6. Authentication & Security

Security is not an afterthought in MCP — it is built into the protocol's design. Because MCP servers can access databases, filesystems, APIs, and other sensitive systems, a robust security model is essential.

6.1 Authentication Mechanisms

Mechanism	How It Works	Best For	Complexity
API Keys	Static secret passed as environment variable or header	Local development, single-user servers	Low
OAuth 2.0	Token-based flow with scopes and refresh	Multi-user, SaaS integrations, delegated access	Medium-High
JWT Tokens	Signed tokens with claims (user, permissions, expiry)	Stateless auth across microservices	Medium
mTLS	Mutual TLS with client certificates	Zero-trust environments, inter-service auth	High

6.2 Authorization & RBAC

Authentication verifies who you are; authorization determines what you can do. MCP supports fine-grained access control at the tool, resource, and argument level:

# MCP auth middleware: JWT validation + RBAC authorization
# Demonstrates production-grade security for MCP servers

# pip install mcp pyjwt cryptography
import os
import json
import jwt
import time
import functools
from typing import Callable
from mcp.server import Server
from mcp.types import Tool, TextContent

# Security configuration from environment
JWT_SECRET = os.getenv("MCP_JWT_SECRET", "change-me-in-production")
JWT_ALGORITHM = "HS256"

# Role-based access control matrix
# Maps roles to allowed tools and their permitted argument patterns
RBAC_POLICY = {
    "analyst": {
        "allowed_tools": ["query", "list_tables", "describe_table"],
        "restrictions": {
            "query": {
                "sql_must_start_with": "SELECT",       # Read-only
                "forbidden_tables": ["audit_logs", "credentials"]  # Sensitive tables
            }
        }
    },
    "developer": {
        "allowed_tools": ["query", "list_tables", "describe_table", "insert_record"],
        "restrictions": {
            "query": {
                "sql_must_start_with": "SELECT",
                "forbidden_tables": ["credentials"]
            },
            "insert_record": {
                "allowed_tables": ["logs", "events", "metrics"]
            }
        }
    },
    "admin": {
        "allowed_tools": ["*"],  # All tools
        "restrictions": {}       # No restrictions
    }
}


def validate_jwt_token(token: str) -> dict:
    """Validate a JWT token and extract claims."""
    try:
        payload = jwt.decode(token, JWT_SECRET, algorithms=[JWT_ALGORITHM])
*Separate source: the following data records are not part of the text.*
definition approx_SPE :: "real \<Rightarrow> nat set \<Rightarrow> (nat \<times> nat) set \<Rightarrow> (nat \<Rightarrow> real) \<Rightarrow> nat \<Rightarrow> (nat \<Rightarrow> nat set) \<Rightarrow> (nat \<Rightarrow> nat) \<Rightarrow> ((nat \<Rightarrow> nat) \<Rightarrow> nat \<Rightarrow> nat \<Rightarrow> real) \<Rightarrow> bool" where
  "approx_SPE \<alpha> V E w k U s \<sigma> \<longleftrightarrow> s \<in> FPPs k U \<and> full_client_equilibrium V E w k U \<sigma> \<and>
     (\<forall>f\<in>{0..<k}. \<forall>x\<in>U f. \<not> (load V w (\<sigma> (s(f := x))) f > \<alpha> * load V w (\<sigma> s) f))"

end

theory Submission
  imports Defs
begin

text \<open>A single instance works for every \<open>\<epsilon>\<close>. Two facilities choose between
\<open>{0, 1}\<close> and \<open>{2, 3}\<close>; clients 0 to 3 only see their own vertex, client 4 sees
\<open>{0, 3}\<close> and client 5 sees \<open>{1, 2, 3}\<close>. Every client equilibrium is forced (a
contested client puts all its weight on the facility with the smaller load of the
others), so each of the four placement profiles has determined loads, and in each one
some facility can raise its load by a factor of at least \<open>53/31 > \<phi>\<close> by moving.\<close>

lemma feasible_dist_uncontested:
  assumes "feasible_dist E k s v d" "card (nbhd_fac E k s v) \<le> 1" "g < k"
  shows "d g = of_bool (nbhd_fac E k s v = {g})"
proof -
  have "finite (nbhd_fac E k s v)" by (simp add: nbhd_fac_def)
  with assms(2) consider "nbhd_fac E k s v = {}" | f where "nbhd_fac E k s v = {f}"
    by (metis One_nat_def card_0_eq card_1_singletonE le_Suc_eq le_zero_eq)
  then show ?thesis
    using assms(1,3) unfolding feasible_dist_def by cases auto
qed

lemma client_equilibrium_uncontested:
  assumes "client_equilibrium V E w k s cp" "v \<in> V" "card (nbhd_fac E k s v) \<le> 1" "g < k"
  shows "cp v g = of_bool (nbhd_fac E k s v = {g})"
  using assms feasible_dist_uncontested
  by (simp add: client_equilibrium_def client_profile_def)

lemma load_minus_eq_load:
  assumes "finite V" "v \<in> V"
  shows "load_minus V w cp v f = load V w cp f - cp v f * w v"
  using assms by (simp add: load_minus_def load_def sum_diff1)

lemma load_minus_fun_upd [simp]: "load_minus V w (cp(v := d)) v f = load_minus V w cp v f"
  unfolding load_minus_def by (rule sum.cong) auto

lemma client_equilibrium_prefers_lighter:
  assumes ce: "client_equilibrium V E w k s cp" and v: "v \<in> V"
    and nb: "nbhd_fac E k s v = {f, h}" "f \<noteq> h"
    and lighter: "load_minus V w cp v f < load_minus V w cp v h"
  shows "cp v f = 1" "cp v h = 0"
proof -
  have fh: "f < k" "h < k" using nb by (auto simp: nbhd_fac_def)
  have "feasible_dist E k s v (cp v)"
    using ce v by (simp add: client_equilibrium_def client_profile_def)
  then have split: "cp v f + cp v h = 1" "0 \<le> cp v f" "0 \<le> cp v h"
    using nb fh by (auto simp: feasible_dist_def)
  define to_f where "to_f = (\<lambda>g::nat. if g = f then 1 else 0 :: real)"
  have "feasible_dist E k s v to_f"
    using nb fh by (auto simp: feasible_dist_def to_f_def)
  with ce v have "\<not> client_cost V E w k s (cp(v := to_f)) v < client_cost V E w k s cp v"
    by (simp add: client_equilibrium_def)
  then have no_gain: "cp v f * load_minus V w cp v f + cp v h * load_minus V w cp v h
      \<le> load_minus V w cp v f"
    using nb(2) by (simp add: client_cost_def nb to_f_def)
  have "load_minus V w cp v f + cp v h * (load_minus V w cp v h - load_minus V w cp v f)
      = cp v f * load_minus V w cp v f + cp v h * load_minus V w cp v h"
    using split(1) by (simp add: algebra_simps flip: eq_diff_eq)
  with no_gain have "cp v h * (load_minus V w cp v h - load_minus V w cp v f) \<le> 0"
    by linarith
  with lighter have "cp v h \<le> 0"
    by (simp add: mult_le_0_iff)
  with split show "cp v f = 1" "cp v h = 0" by auto
qed

lemma FPPs_fun_upd:
  assumes "s \<in> FPPs k U" "f < k" "x \<in> U f"
  shows "s(f := x) \<in> FPPs k U"
  using assms PiE_fun_upd[of x U f s "{0..<k}"] by (simp add: FPPs_def insert_absorb)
        # Check expiration
        if payload.get("exp", 0) < time.time():
            raise ValueError("Token expired")

        return {
            "user_id": payload["sub"],
            "role": payload.get("role", "analyst"),  # Default to least privilege
            "permissions": payload.get("permissions", []),
            "issued_at": payload.get("iat"),
            "expires_at": payload.get("exp")
        }

    except jwt.InvalidTokenError as e:
        raise ValueError(f"Invalid token: {e}")
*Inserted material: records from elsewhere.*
(* Let $z_1,z_2,z_3$ be three distinct complex numbers and let $w_1,w_2,w_3$ be three distinct complex numbers. Suppose that the 4-point sets $\{z_1,z_2,z_3,\infty\}$ and $\{w_1,w_2,w_3,\infty\}$ in the Riemann sphere $\widehat{\mathbb{C}}$ are Möbius equivalent, i.e. there is a Möbius transformation $\mu$ with $\mu(\{z_1,z_2,z_3,\infty\})=\{w_1,w_2,w_3,\infty\}$. Then there exists an affine transformation $T(z)=az+b$ with $a,b\in\mathbb{C}$, $a\neq 0$, such that $T(\{z_1,z_2,z_3\})=\{w_1,w_2,w_3\}$.
   Context: A Möbius transformation is a map $z\mapsto \frac{\alpha z+\beta}{\gamma z+\delta}$ of $\widehat{\mathbb{C}}=\mathbb{C}\cup\{\infty\}$ with $\alpha\delta-\beta\gamma\neq 0$. *)

theory Defs
  imports Complex_Main
begin

text \<open>The Riemann sphere is modelled as complex option: Some z is the finite point z,
  None is the point at infinity.\<close>

type_synonym riemann_sphere = "complex option"

definition moebius_app ::
  "complex \<Rightarrow> complex \<Rightarrow> complex \<Rightarrow> complex \<Rightarrow> riemann_sphere \<Rightarrow> riemann_sphere" where
  "moebius_app \<alpha> \<beta> \<gamma> \<delta> p =
     (case p of
        None \<Rightarrow> (if \<gamma> = 0 then None else Some (\<alpha> / \<gamma>))
      | Some z \<Rightarrow> (if \<gamma> * z + \<delta> = 0 then None else Some ((\<alpha> * z + \<beta>) / (\<gamma> * z + \<delta>))))"

definition moebius_equivalent :: "riemann_sphere set \<Rightarrow> riemann_sphere set \<Rightarrow> bool" where
  "moebius_equivalent A B \<longleftrightarrow>
     (\<exists>\<alpha> \<beta> \<gamma> \<delta>. \<alpha> * \<delta> - \<beta> * \<gamma> \<noteq> 0 \<and> moebius_app \<alpha> \<beta> \<gamma> \<delta> ` A = B)"

end

theory Submission
  imports Defs
begin

text \<open>If \<mu> fixes \<infinity>, it is affine. Otherwise \<mu>(\<infinity>) is one of the w's, say p, and we compose
  \<mu> with the involution u \<mapsto> p + (q - p)(r - p)/(u - p), which swaps p with \<infinity> and q with r,
  hence preserves {p, q, r, \<infinity>}. The composite fixes \<infinity>, so it is affine. An injective map of
  a three-point set into a three-point set is onto.\<close>

lemma moebius_app_finite:
  "\<gamma> * z + \<delta> \<noteq> 0 \<Longrightarrow> moebius_app \<alpha> \<beta> \<gamma> \<delta> (Some z) = Some ((\<alpha> * z + \<beta>) / (\<gamma> * z + \<delta>))"
  by (simp add: moebius_app_def)

lemma moebius_app_infinity:
  "\<gamma> \<noteq> 0 \<Longrightarrow> moebius_app \<alpha> \<beta> \<gamma> \<delta> None = Some (\<alpha> / \<gamma>)"
  by (simp add: moebius_app_def)

lemma three_point_set_enumeration_from:
  assumes "p \<in> {w1, w2, w3}" and "distinct [w1, w2, w3]"
  shows "\<exists>q r. distinct [p, q, r] \<and> {w1, w2, w3} = {p, q, r}"
  using assms by (auto simp: insert_commute)

lemma three_point_involution_swaps:
  fixes p q r u :: complex
  assumes "distinct [p, q, r]" and "u \<in> {q, r}"
  shows "p + (q - p) * (r - p) / (u - p) \<in> {q, r}"
  using assms by auto

lemma moebius_minus_image_of_infinity:
  fixes \<alpha> \<beta> \<gamma> \<delta> z :: complex
  assumes "\<gamma> \<noteq> 0" and "\<gamma> * z + \<delta> \<noteq> 0"
  shows "(\<alpha> * z + \<beta>) / (\<gamma> * z + \<delta>) - \<alpha> / \<gamma> = (\<beta> * \<gamma> - \<alpha> * \<delta>) / (\<gamma> * (\<gamma> * z + \<delta>))"
  using assms by (simp add: field_simps)

lemma affine_image_eq_if_subset:
  fixes a b :: complex
  assumes "a \<noteq> 0" and "finite W" and "card Z = card W" and "(\<lambda>z. a * z + b) ` Z \<subseteq> W"
  shows "(\<lambda>z. a * z + b) ` Z = W"
proof (rule card_subset_eq[OF \<open>finite W\<close> \<open>_ \<subseteq> W\<close>])
  have "inj_on (\<lambda>z. a * z + b) Z"
    using \<open>a \<noteq> 0\<close> by (auto simp: inj_on_def)
  then show "card ((\<lambda>z. a * z + b) ` Z) = card W"
    using \<open>card Z = card W\<close> by (simp add: card_image)
qed

lemma affine_into_if_moebius_fixes_infinity:
  fixes \<alpha> \<beta> \<delta> :: complex and Z W :: "complex set"
  assumes "\<alpha> * \<delta> \<noteq> 0"
    and "moebius_app \<alpha> \<beta> 0 \<delta> ` Some ` Z \<subseteq> insert None (Some ` W)"
  shows "\<exists>a b. a \<noteq> 0 \<and> (\<lambda>z. a * z + b) ` Z \<subseteq> W"
proof (intro exI conjI)
  show "\<alpha> / \<delta> \<noteq> 0"
    using assms(1) by simp
  have "(\<alpha> * z + \<beta>) / \<delta> \<in> W" if "z \<in> Z" for z
  proof -
    have "moebius_app \<alpha> \<beta> 0 \<delta> (Some z) \<in> insert None (Some ` W)"
      using assms(2) that by blast
    then show ?thesis
      using assms(1) by (simp add: moebius_app_finite image_iff)
  qed
  then show "(\<lambda>z. \<alpha> / \<delta> * z + \<beta> / \<delta>) ` Z \<subseteq> W"
    by (auto simp: add_divide_distrib)
qed

lemma affine_into_three_points_if_moebius_infinity_in:
  fixes \<alpha> \<beta> \<gamma> \<delta> p q r :: complex and Z :: "complex set"
  assumes "\<gamma> \<noteq> 0" and det: "\<alpha> * \<delta> - \<beta> * \<gamma> \<noteq> 0" and "distinct [p, q, r]"
    and pole: "\<alpha> / \<gamma> = p"
    and maps: "moebius_app \<alpha> \<beta> \<gamma> \<delta> ` Some ` Z \<subseteq> insert None (Some ` {p, q, r})"
  shows "\<exists>a b. a \<noteq> 0 \<and> (\<lambda>z. a * z + b) ` Z \<subseteq> {p, q, r}"
proof -
  define D where "D = \<beta> * \<gamma> - \<alpha> * \<delta>"
  define c where "c = (q - p) * (r - p)"
  \<comment> \<open>a z + b is the involution applied to \<mu> z; it sends the pole -\<delta>/\<gamma> of \<mu> to p\<close>
  define a where "a = c * \<gamma>\<^sup>2 / D"
  define b where "b = p + c * \<gamma> * \<delta> / D"
  have "D \<noteq> 0"
    using det unfolding D_def by (auto simp: algebra_simps)
  have "c \<noteq> 0"
    using \<open>distinct [p, q, r]\<close> unfolding c_def by auto
  have affine_eq: "a * z + b = p + c * \<gamma> * (\<gamma> * z + \<delta>) / D" for z
    using \<open>D \<noteq> 0\<close> unfolding a_def b_def by (simp add: field_simps power2_eq_square)
  have "a * z + b \<in> {p, q, r}" if "z \<in> Z" for z
  proof (cases "\<gamma> * z + \<delta> = 0")
    case True
    then show ?thesis by (simp add: affine_eq)
  next
    case False
    define u where "u = (\<alpha> * z + \<beta>) / (\<gamma> * z + \<delta>)"
    have "moebius_app \<alpha> \<beta> \<gamma> \<delta> (Some z) \<in> insert None (Some ` {p, q, r})"
      using maps \<open>z \<in> Z\<close> by blast
    then have "u \<in> {p, q, r}"
      using False by (simp add: moebius_app_finite u_def image_iff)
    have u_minus_p: "u - p = D / (\<gamma> * (\<gamma> * z + \<delta>))"
      unfolding u_def pole[symmetric] D_def
      using moebius_minus_image_of_infinity[OF \<open>\<gamma> \<noteq> 0\<close> False] .
    then have "u \<noteq> p"
      using \<open>D \<noteq> 0\<close> \<open>\<gamma> \<noteq> 0\<close> False by auto
    have "a * z + b = p + c / (u - p)"
      by (simp add: affine_eq u_minus_p)
    then show ?thesis
      using three_point_involution_swaps[OF \<open>distinct [p, q, r]\<close>] \<open>u \<in> {p, q, r}\<close> \<open>u \<noteq> p\<close>
      unfolding c_def by auto
  qed
  moreover have "a \<noteq> 0"
    using \<open>c \<noteq> 0\<close> \<open>D \<noteq> 0\<close> \<open>\<gamma> \<noteq> 0\<close> unfolding a_def by simp
  ultimately show ?thesis by blast
qed

lemma affine_into_three_points_if_moebius:
  fixes \<alpha> \<beta> \<gamma> \<delta> w1 w2 w3 :: complex and Z :: "complex set"
  assumes det: "\<alpha> * \<delta> - \<beta> * \<gamma> \<noteq> 0" and "distinct [w1, w2, w3]"
    and maps: "moebius_app \<alpha> \<beta> \<gamma> \<delta> ` insert None (Some ` Z) \<subseteq> insert None (Some ` {w1, w2, w3})"
  shows "\<exists>a b. a \<noteq> 0 \<and> (\<lambda>z. a * z + b) ` Z \<subseteq> {w1, w2, w3}"
proof (cases "\<gamma> = 0")
  case True
  then show ?thesis
    using affine_into_if_moebius_fixes_infinity[of \<alpha> \<delta> \<beta> Z] det maps by auto
next
  case False
  have "moebius_app \<alpha> \<beta> \<gamma> \<delta> None \<in> insert None (Some ` {w1, w2, w3})"
    using maps by blast
  then have "\<alpha> / \<gamma> \<in> {w1, w2, w3}"
    using False by (simp add: moebius_app_infinity image_iff)
  then obtain q r where "distinct [\<alpha> / \<gamma>, q, r]" and W: "{w1, w2, w3} = {\<alpha> / \<gamma>, q, r}"
    using three_point_set_enumeration_from[OF _ \<open>distinct [w1, w2, w3]\<close>] by blast
  show ?thesis
    using affine_into_three_points_if_moebius_infinity_in[OF False det \<open>distinct [\<alpha> / \<gamma>, q, r]\<close> refl] maps
    unfolding W by auto
qed

theorem lemma1p2:
  fixes z1 z2 z3 w1 w2 w3 :: complex
  assumes "distinct [z1, z2, z3]"
    and "distinct [w1, w2, w3]"
    and "moebius_equivalent {Some z1, Some z2, Some z3, None} {Some w1, Some w2, Some w3, None}"
  shows "\<exists>a b :: complex. a \<noteq> 0 \<and> (\<lambda>z. a * z + b) ` {z1, z2, z3} = {w1, w2, w3}"
proof -
  have sphere_set: "{Some x, Some y, Some v, None} = insert None (Some ` {x, y, v})" for x y v :: complex
    by auto
  obtain \<alpha> \<beta> \<gamma> \<delta> where det: "\<alpha> * \<delta> - \<beta> * \<gamma> \<noteq> 0"
    and maps: "moebius_app \<alpha> \<beta> \<gamma> \<delta> ` insert None (Some ` {z1, z2, z3}) = insert None (Some ` {w1, w2, w3})"
    using assms(3) unfolding moebius_equivalent_def sphere_set by blast
  obtain a b where "a \<noteq> 0" and "(\<lambda>z. a * z + b) ` {z1, z2, z3} \<subseteq> {w1, w2, w3}"
    using affine_into_three_points_if_moebius[OF det assms(2) equalityD1[OF maps]]
    by blast
  moreover have "card {z1, z2, z3} = card {w1, w2, w3}"
    using assms(1,2) by simp
  ultimately have "(\<lambda>z. a * z + b) ` {z1, z2, z3} = {w1, w2, w3}"
    by (intro affine_image_eq_if_subset) auto
  with \<open>a \<noteq> 0\<close> show ?thesis
    by blast
qed

end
def authorize_tool_call(user_claims: dict, tool_name: str, arguments: dict) -> bool:
    """Check if a user is authorized to call a specific tool with given arguments."""
    role = user_claims["role"]

    if role not in RBAC_POLICY:
        return False  # Unknown role — deny by default

    policy = RBAC_POLICY[role]

    # Check if tool is allowed for this role
    allowed = policy["allowed_tools"]
    if "*" not in allowed and tool_name not in allowed:
        return False

    # Check tool-specific restrictions
    restrictions = policy.get("restrictions", {}).get(tool_name, {})
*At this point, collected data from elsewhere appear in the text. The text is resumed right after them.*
lemma M_diag_le: assumes i: "i < n" shows "M i i \<le> N"
proof -
  have "M i i \<le> lam * a i i - mu * a i i" unfolding M_def using kernel_sq_diag_le[OF i] by simp
  also have "\<dots> = N * a i i" unfolding mu_def by (simp add: algebra_simps)
  also have "\<dots> \<le> N" using diag_bounds[OF i] N_ge_1 by (simp add: mult_left_le)
  finally show ?thesis .
qed

lemma abs_M_le: assumes i: "i < n" and j: "j < n" shows "\<bar>M i j\<bar> \<le> 2 * lam"
proof -
  have "\<bar>mu * a i j\<bar> \<le> lam * 1" unfolding abs_mult using mu_bounds entry_bound[OF i j] by (intro mult_mono) auto
  then show ?thesis unfolding M_def using abs_kernel_sq_le[OF i j] by simp
qed

lemma M_commute: "i < n \<Longrightarrow> j < n \<Longrightarrow> M i j = M j i"
  unfolding M_def by (simp add: kernel_sq_commute a_commute)

lemma M_v: assumes i: "i < n" shows "(\<Sum>j<n. M i j * v j) = N * lam * v i"
proof -
  have "(\<Sum>j<n. M i j * v j) = (\<Sum>j<n. kernel_sq n a i j * v j) - mu * mulv n a v i"
    unfolding M_def mulv_def by (simp add: algebra_simps sum_subtractf sum_distrib_left)
  also have "\<dots> = lam\<^sup>2 * v i - mu * (lam * v i)" by (simp add: kernel_sq_mulv_v[OF i] eigen[OF i])
  finally show ?thesis unfolding mu_def by (simp add: power2_eq_square algebra_simps)
qed

lemma offdiag_diag: "offdiag i i = 0" unfolding offdiag_def by simp

lemma offdiag_commute: "i < n \<Longrightarrow> j < n \<Longrightarrow> offdiag i j = offdiag j i"
  unfolding offdiag_def by (simp add: M_commute)

lemma offdiag_row_sum: assumes i: "i < n" shows "(\<Sum>j<n. offdiag i j) = (v i)\<^sup>2 * (N * lam - M i i)"
proof -
  have "(\<Sum>j<n. offdiag i j) = (\<Sum>j<n. v i * (M i j * v j) - (if j = i then M i i * v i * v i else 0))"
    unfolding offdiag_def by (intro sum.cong refl) (auto simp: algebra_simps)
  also have "\<dots> = v i * (N * lam * v i) - M i i * v i * v i"
    using i by (simp add: sum_subtractf sum_distrib_left[symmetric] M_v)
  finally show ?thesis by (simp add: power2_eq_square algebra_simps)
qed

lemma sqnorm_offdiag_row_sums_le: "sqnorm n (\<lambda>i. \<Sum>j<n. offdiag i j) \<le> 4 * N\<^sup>2 * lam"
proof -
  have row: "(\<Sum>j<n. offdiag i j)\<^sup>2 \<le> (v i)\<^sup>2 * (4 * N\<^sup>2 * lam)" if i: "i < n" for i
  proof -
    have lam1: "lam \<ge> 1" using N_less_lam N_ge_1 by simp
    have "N * lam \<ge> N" "N * lam \<ge> lam"
      using N_ge_1 lam1 by (simp_all add: mult_le_cancel_left1 mult_le_cancel_right1)
    then have "\<bar>N * lam - M i i\<bar> \<le> \<bar>2 * N * lam\<bar>"
      using M_diag_ge[OF i] M_diag_le[OF i] by simp
    then have "(N * lam - M i i)\<^sup>2 \<le> (2 * N * lam)\<^sup>2" by (simp only: abs_le_square_iff)
    then have "(v i)\<^sup>2 * (N * lam - M i i)\<^sup>2 \<le> (1 / lam) * (2 * N * lam)\<^sup>2"
      using v_sq_le[OF i] lam_pos by (intro mult_mono) auto
    also have "\<dots> = 4 * N\<^sup>2 * lam" using lam_pos by (simp add: power2_eq_square field_simps)
    finally have "(v i)\<^sup>2 * (N * lam - M i i)\<^sup>2 \<le> 4 * N\<^sup>2 * lam" .
    then have "(v i)\<^sup>2 * ((v i)\<^sup>2 * (N * lam - M i i)\<^sup>2) \<le> (v i)\<^sup>2 * (4 * N\<^sup>2 * lam)"
      by (intro mult_left_mono) auto
    then show ?thesis using i by (simp add: offdiag_row_sum power_mult_distrib power2_eq_square mult_ac)
  qed
  have "sqnorm n (\<lambda>i. \<Sum>j<n. offdiag i j) \<le> (\<Sum>i<n. (v i)\<^sup>2 * (4 * N\<^sup>2 * lam))"
    using row by (intro sum_mono) auto
  also have "\<dots> = 4 * N\<^sup>2 * lam" using unit by (simp add: sum_distrib_right[symmetric])
  finally show ?thesis .
qed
    if tool_name == "query":
        sql = arguments.get("sql", "").strip().upper()

        # Check SQL command restriction
        required_prefix = restrictions.get("sql_must_start_with", "")
        if required_prefix and not sql.startswith(required_prefix):
            return False

        # Check forbidden tables
        forbidden = restrictions.get("forbidden_tables", [])
        for table in forbidden:
            if table.upper() in sql:
                return False

    elif tool_name == "insert_record":
        table = arguments.get("table", "")
        allowed_tables = restrictions.get("allowed_tables", [])
        if allowed_tables and table not in allowed_tables:
            return False

    return True


def generate_sample_jwt(user_id: str, role: str, hours_valid: int = 8) -> str:
    """Generate a sample JWT token for testing."""
    now = int(time.time())
    payload = {
        "sub": user_id,
        "role": role,
        "iat": now,
        "exp": now + (hours_valid * 3600),
        "permissions": RBAC_POLICY.get(role, {}).get("allowed_tools", [])
    }
    return jwt.encode(payload, JWT_SECRET, algorithm=JWT_ALGORITHM)


# --- Demonstration ---
def demonstrate_auth():
    """Show the auth system in action."""

    # Generate tokens for different roles
    analyst_token = generate_sample_jwt("alice", "analyst")
    developer_token = generate_sample_jwt("bob", "developer")
    admin_token = generate_sample_jwt("charlie", "admin")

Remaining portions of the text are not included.